- **Task details**
From the listing below, copy every line with the word "rule".
(Exercise input Opens)
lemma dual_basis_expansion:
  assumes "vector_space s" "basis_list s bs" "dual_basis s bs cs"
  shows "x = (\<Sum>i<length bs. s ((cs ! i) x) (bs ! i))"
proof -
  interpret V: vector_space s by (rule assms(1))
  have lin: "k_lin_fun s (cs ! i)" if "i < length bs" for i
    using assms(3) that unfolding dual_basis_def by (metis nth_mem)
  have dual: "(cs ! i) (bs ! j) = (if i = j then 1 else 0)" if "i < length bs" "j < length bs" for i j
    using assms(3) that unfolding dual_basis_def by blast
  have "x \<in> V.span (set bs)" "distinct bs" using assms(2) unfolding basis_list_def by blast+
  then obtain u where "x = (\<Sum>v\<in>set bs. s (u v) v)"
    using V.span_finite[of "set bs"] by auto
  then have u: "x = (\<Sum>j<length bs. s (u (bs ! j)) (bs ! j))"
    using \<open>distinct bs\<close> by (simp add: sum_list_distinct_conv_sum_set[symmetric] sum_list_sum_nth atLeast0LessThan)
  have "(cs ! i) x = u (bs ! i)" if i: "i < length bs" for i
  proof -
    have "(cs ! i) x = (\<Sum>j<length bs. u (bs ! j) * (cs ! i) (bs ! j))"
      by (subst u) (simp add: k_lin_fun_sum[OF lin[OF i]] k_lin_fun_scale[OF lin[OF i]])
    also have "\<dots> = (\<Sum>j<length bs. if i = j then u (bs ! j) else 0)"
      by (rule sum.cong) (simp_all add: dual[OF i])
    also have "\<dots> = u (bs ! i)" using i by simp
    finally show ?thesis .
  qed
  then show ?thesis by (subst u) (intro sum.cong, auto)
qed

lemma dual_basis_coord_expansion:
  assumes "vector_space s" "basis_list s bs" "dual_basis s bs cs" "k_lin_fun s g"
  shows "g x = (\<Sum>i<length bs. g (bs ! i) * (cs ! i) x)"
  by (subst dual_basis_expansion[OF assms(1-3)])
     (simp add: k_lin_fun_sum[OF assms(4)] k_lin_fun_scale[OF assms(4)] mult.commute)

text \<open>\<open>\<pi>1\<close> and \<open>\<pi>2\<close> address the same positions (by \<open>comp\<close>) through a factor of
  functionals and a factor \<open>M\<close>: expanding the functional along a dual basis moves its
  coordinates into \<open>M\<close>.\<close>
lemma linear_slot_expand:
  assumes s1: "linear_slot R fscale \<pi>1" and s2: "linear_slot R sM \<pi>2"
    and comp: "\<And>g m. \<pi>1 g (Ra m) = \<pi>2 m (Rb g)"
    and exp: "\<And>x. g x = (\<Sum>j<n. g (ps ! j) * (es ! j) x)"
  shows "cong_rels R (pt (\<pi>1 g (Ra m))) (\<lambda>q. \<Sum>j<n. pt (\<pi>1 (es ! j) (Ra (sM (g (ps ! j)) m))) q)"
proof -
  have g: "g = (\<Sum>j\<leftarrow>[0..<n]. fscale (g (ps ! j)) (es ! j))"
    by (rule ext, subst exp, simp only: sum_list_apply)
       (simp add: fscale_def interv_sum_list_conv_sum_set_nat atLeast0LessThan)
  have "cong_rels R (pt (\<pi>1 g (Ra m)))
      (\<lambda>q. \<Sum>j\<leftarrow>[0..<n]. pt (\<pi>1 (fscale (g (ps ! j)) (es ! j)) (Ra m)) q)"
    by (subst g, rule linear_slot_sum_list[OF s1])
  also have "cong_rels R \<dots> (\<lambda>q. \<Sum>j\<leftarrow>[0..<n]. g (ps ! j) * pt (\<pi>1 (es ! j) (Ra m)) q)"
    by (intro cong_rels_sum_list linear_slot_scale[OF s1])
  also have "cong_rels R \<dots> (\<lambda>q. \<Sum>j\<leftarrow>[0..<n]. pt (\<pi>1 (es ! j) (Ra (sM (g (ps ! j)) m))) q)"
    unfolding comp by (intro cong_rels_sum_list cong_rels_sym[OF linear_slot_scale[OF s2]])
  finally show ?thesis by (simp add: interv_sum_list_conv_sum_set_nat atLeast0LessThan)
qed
(Exercise input Closes)
- **Answer space**
  interpret V: vector_space s by (rule assms(1))
      by (rule sum.cong) (simp_all add: dual[OF i])
    by (rule ext, subst exp, simp only: sum_list_apply)
    by (subst g, rule linear_slot_sum_list[OF s1])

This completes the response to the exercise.